Calcineurin inhibitors increase risk for cognitive dysfunction
Calcineurin inhibitor therapy for orthotopic liver transplantation — at both low and standard doses — increased the risk for cognitive dysfunction, especially among patients with preexisting nephrotoxic side effects, according to recently published data.
“Our results suggest that long-term [calcineurin inhibitor (CNI)] therapy may induce neurotoxic effects especially in subjects who present with nephrotoxicity with tacrolimus seeming to be more neurotoxic than ciclosporine A,” Henning Pflugrad, MD, from the Hannover Medical School, Germany, and colleagues wrote. “After the occurrence of nephrotoxic side effects, continuation of CNI therapy — even in a low dose — might carry the risk for cognitive alterations in the long-term, indicating an increased susceptibility against toxic CNI effects in this subgroup of patients.”
The researchers enrolled 85 adult patients who had undergone orthotopic liver transplantation more than 2 years prior. Those selected had no prior organ transplants other than incident liver transplantation, no neurological or psychiatric diseases, and no regular intake of drugs that may affect brain function.
Mean patient age was 58.2 years, 56 were men, and the median time from liver transplantation was 10 years (range, 8-13.5 years). Additionally, the researchers included 33 age- and sex-matched controls.
Patients achieved immunosuppression without CNI (n = 20); received low dose CNI therapy with either less than 5 µg/L tacrolimus or less than 50 g/L ciclosporine A (n = 35); or received standard dose CNI therapy with more than 5 µg/L tacrolimus or more than 50 µg/L ciclosporine A (n = 30).
The CNI-free group had been treated with CNI therapy for a mean of 4.2 years after liver transplant and were CNI-free for a mean of 8 years at study baseline. Fifty-seven patients treated with CNI therapy also received at least one other immunosuppressant. The main reason for termination of CNI therapy was CNI-induced kidney damage.
Compared with controls, patients who received standard does CNI therapy (P = .04) and those on low dose CNI therapy (P = .01) had significantly worse visuospatial and constructional ability.
Patients on low does CNI therapy also had worse results in the Repeatable Battery for the Assessment of Neuropsychological Status (RBANS) sum score (P = .02), total scale (P = .01) and percentile (P = .03) vs. controls.
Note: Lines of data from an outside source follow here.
section \<open>Hardy's inequality along a measure-preserving flow\<close>

text \<open>The indicator is that of the set of points carried into \<open>K\<close> by the flow within time \<open>1\<close>.\<close>
lemma difference_quotient_along_flow_bound:
  fixes f g :: "'a::real_normed_vector \<Rightarrow> real" and w :: "'a \<Rightarrow> 'a"
  assumes winv: "\<And>\<xi> r. w (\<xi> + r *\<^sub>R w \<xi>) = w \<xi>"
    and der: "\<And>\<xi> r. ((\<lambda>r. f (\<xi> + r *\<^sub>R w \<xi>)) has_real_derivative g (\<xi> + r *\<^sub>R w \<xi>)) (at r)"
    and g_bound: "\<And>\<xi>. \<bar>g \<xi>\<bar> \<le> C"
    and f0: "\<And>\<xi>. \<xi> \<notin> K \<Longrightarrow> f \<xi> = 0"
    and h: "0 < h" "h \<le> 1"
  shows "\<bar>(f (\<xi> + h *\<^sub>R w \<xi>) - f \<xi>) / h\<bar>
    \<le> indicator ((\<lambda>p. snd p - fst p *\<^sub>R w (snd p)) ` ({0..1} \<times> K)) \<xi> * C"
proof (cases "\<xi> \<in> (\<lambda>p. snd p - fst p *\<^sub>R w (snd p)) ` ({0..1} \<times> K)")
  case True
  obtain z where "f (\<xi> + h *\<^sub>R w \<xi>) - f (\<xi> + 0 *\<^sub>R w \<xi>) = (h - 0) * g (\<xi> + z *\<^sub>R w \<xi>)"
    using MVT2[OF h(1), of "\<lambda>r. f (\<xi> + r *\<^sub>R w \<xi>)" "\<lambda>r. g (\<xi> + r *\<^sub>R w \<xi>)"] der by blast
  then have "(f (\<xi> + h *\<^sub>R w \<xi>) - f \<xi>) / h = g (\<xi> + z *\<^sub>R w \<xi>)"
    using h by simp
  then show ?thesis using True g_bound by simp
next
  case False
  have "\<xi> \<notin> K"
    using False by (auto intro!: image_eqI[where x="(0, \<xi>)"])
  moreover have "\<xi> + h *\<^sub>R w \<xi> \<notin> K"
  proof
    assume "\<xi> + h *\<^sub>R w \<xi> \<in> K"
    then have "(\<xi> + h *\<^sub>R w \<xi>) - h *\<^sub>R w (\<xi> + h *\<^sub>R w \<xi>)
        \<in> (\<lambda>p. snd p - fst p *\<^sub>R w (snd p)) ` ({0..1} \<times> K)"
      using h by (intro image_eqI[where x="(h, \<xi> + h *\<^sub>R w \<xi>)"]) auto
    with False show False by (simp add: winv)
  qed
  ultimately show ?thesis using f0 False by simp
qed

lemma filterlim_inverse_Suc_at_0: "filterlim (\<lambda>k. 1 / real (Suc k)) (at 0) sequentially"
proof -
  have "(\<lambda>k. 1 / real (Suc k)) \<longlonglongrightarrow> 0"
    using LIMSEQ_inverse_real_of_nat by (simp add: inverse_eq_divide)
  moreover have "\<forall>\<^sub>F k in sequentially. 1 / real (Suc k) \<noteq> 0"
    by simp
  ultimately show ?thesis
    unfolding filterlim_at by auto
qed

lemma integral_difference_quotient_along_flow:
  fixes f :: "'a::euclidean_space \<Rightarrow> real" and w :: "'a \<Rightarrow> 'a"
  assumes flow: "distr lborel borel (\<lambda>\<xi>. \<xi> + s *\<^sub>R w \<xi>) = lborel"
    and "(\<lambda>\<xi>. \<xi> + s *\<^sub>R w \<xi>) \<in> borel_measurable borel"
    and f: "integrable lborel f"
  shows "integral\<^sup>L lborel (\<lambda>\<xi>. (f (\<xi> + s *\<^sub>R w \<xi>) - f \<xi>) / s) = 0"
proof -
  have "f \<in> borel_measurable borel"
    using f by simp
  then have "integral\<^sup>L lborel (\<lambda>\<xi>. f (\<xi> + s *\<^sub>R w \<xi>)) = integral\<^sup>L lborel f"
    and "integrable lborel (\<lambda>\<xi>. f (\<xi> + s *\<^sub>R w \<xi>))"
    using integral_distr[of "\<lambda>\<xi>. \<xi> + s *\<^sub>R w \<xi>" lborel borel f]
      integrable_distr_eq[of "\<lambda>\<xi>. \<xi> + s *\<^sub>R w \<xi>" lborel borel f] assms
    by simp_all
  with f show ?thesis
    by simp
qed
Years on standard dose CNI therapy correlated negatively with RBANS sum score (P = .04). Tacrolimus total dose also correlated negatively with RBANS sum score, total scale and percentile (P = .04).
All patients had significantly more white matter hyperintensities (WMH) in the parietal (2 vs. 1.2; P = .02) and temporal regions (0.4 vs. 0.1; P = .04) compared with controls. WMH in the temporal region occurred more frequently in patients on standard dose CNI therapy compared with those in the CNI-free group (0.5 vs. 0.1; P = .02) and controls (0.5 vs. 0.1; P = .01).
Mean ciclosporine A trough level correlated significantly with WMH in the frontal (r = 0.4; P = .01), parietal (r = 0.3; P = .02), occipital (r = 0.4; P = .006) and temporal regions (r = 0.3; P = .03). Mean tacrolimus trough level also showed a significant correlation with WMH in the frontal region (r = 0.5; P = .004) and the total WMH (r = 0.4; P = .03).
During multivariate regression analysis, the researchers observed that education in years (regression coefficient = 10.7; 95% CI, 4.6-16.9), ventricular width at the level of the caudate nucleus (RC = –2.8; 95% CI, –5.3 to –0.4) and years of standard dose CNI therapy (RC = –2; 95% CI, –3.8 to –0.1) were independent prognostic factors for the RBANS sum score.
Additionally, ventricular width at the level of the caudate was a significant negative prognostic factor for the RBANS sum score (RC = –4.3; 95% CI, –7.1 to –1.4) and total scale (RC = –1.1; 95% CI, –1.9 to –0.4) among patients treated with ciclosporine A.
Among those treated with tacrolimus, total dose was a significant negative prognostic factor for the RBANS sum score (RC = –0.002; 95% CI, –0.003 to –0.001).
“The correlation analysis between CNI total dosage and mean trough level and RBANS results suggests an increased neurotoxicity of tacrolimus than of ciclosporine A. However, we found as well that both, ciclosporine A and tacrolimus mean trough levels, correlated with WMH indicating a similar effect on brain structure for both drugs,” the researchers concluded. “As long as transplant function is preserved patients showing CNI toxicity early after [orthotopic liver transplantation] might benefit from a change to CNI free immunosuppression in the long-term because cognitive dysfunction might impair patients’ everyday life, job-related performance and health related quality of life.” – by Talitha Bennett
Disclosure: The authors report no relevant financial disclosures.